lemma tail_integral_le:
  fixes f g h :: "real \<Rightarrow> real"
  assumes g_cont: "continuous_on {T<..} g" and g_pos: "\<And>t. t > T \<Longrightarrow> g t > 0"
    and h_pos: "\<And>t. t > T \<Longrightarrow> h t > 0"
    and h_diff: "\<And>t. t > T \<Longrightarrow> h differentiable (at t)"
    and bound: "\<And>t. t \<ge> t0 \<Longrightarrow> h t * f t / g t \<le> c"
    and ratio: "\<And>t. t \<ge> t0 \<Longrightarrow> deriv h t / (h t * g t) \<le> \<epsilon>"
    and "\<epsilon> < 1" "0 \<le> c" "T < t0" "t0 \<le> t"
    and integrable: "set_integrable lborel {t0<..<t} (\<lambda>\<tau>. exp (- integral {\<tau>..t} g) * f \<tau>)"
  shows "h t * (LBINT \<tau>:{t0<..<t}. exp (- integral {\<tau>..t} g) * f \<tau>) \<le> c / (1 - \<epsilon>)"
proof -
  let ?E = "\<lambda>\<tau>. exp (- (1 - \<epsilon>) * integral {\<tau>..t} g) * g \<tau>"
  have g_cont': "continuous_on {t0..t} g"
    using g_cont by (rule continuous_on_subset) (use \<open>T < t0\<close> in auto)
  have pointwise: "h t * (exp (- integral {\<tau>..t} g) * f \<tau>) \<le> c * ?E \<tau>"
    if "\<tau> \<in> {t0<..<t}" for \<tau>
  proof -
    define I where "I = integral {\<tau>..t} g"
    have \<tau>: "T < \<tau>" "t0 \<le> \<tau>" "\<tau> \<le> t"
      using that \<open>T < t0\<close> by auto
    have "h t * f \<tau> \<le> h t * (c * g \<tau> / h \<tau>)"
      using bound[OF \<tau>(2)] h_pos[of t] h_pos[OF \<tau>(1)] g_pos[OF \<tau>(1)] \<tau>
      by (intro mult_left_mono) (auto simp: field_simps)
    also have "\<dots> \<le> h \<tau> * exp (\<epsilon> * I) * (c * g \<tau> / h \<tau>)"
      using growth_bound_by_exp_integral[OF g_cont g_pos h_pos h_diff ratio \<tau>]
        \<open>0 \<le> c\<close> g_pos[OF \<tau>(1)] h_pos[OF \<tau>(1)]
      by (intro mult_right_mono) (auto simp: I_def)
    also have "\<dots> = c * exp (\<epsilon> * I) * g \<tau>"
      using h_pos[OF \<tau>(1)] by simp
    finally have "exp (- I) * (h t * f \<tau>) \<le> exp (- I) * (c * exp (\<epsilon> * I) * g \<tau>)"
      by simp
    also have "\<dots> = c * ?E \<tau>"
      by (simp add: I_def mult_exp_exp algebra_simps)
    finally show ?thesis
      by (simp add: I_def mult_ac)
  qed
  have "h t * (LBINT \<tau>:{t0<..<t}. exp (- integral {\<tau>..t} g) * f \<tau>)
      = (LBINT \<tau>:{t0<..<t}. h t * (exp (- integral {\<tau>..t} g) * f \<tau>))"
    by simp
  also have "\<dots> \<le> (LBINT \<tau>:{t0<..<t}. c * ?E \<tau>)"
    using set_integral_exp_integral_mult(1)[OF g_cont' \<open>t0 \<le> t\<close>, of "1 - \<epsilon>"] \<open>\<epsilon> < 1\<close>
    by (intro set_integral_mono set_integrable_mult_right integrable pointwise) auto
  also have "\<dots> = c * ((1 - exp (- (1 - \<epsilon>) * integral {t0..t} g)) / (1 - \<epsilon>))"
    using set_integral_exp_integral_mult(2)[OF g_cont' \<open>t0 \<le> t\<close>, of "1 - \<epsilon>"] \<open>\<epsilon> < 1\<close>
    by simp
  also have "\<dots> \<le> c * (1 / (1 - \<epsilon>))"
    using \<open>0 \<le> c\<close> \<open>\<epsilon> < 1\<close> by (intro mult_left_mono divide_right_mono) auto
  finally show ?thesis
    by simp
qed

TASK ITEM: Begin at the first line of the records above and quote every line verbatim through the one that contains "T \<Longrightarrow> h t".

REPLY TO THE EXERCISE:
lemma tail_integral_le:
  fixes f g h :: "real \<Rightarrow> real"
  assumes g_cont: "continuous_on {T<..} g" and g_pos: "\<And>t. t > T \<Longrightarrow> g t > 0"
    and h_pos: "\<And>t. t > T \<Longrightarrow> h t > 0"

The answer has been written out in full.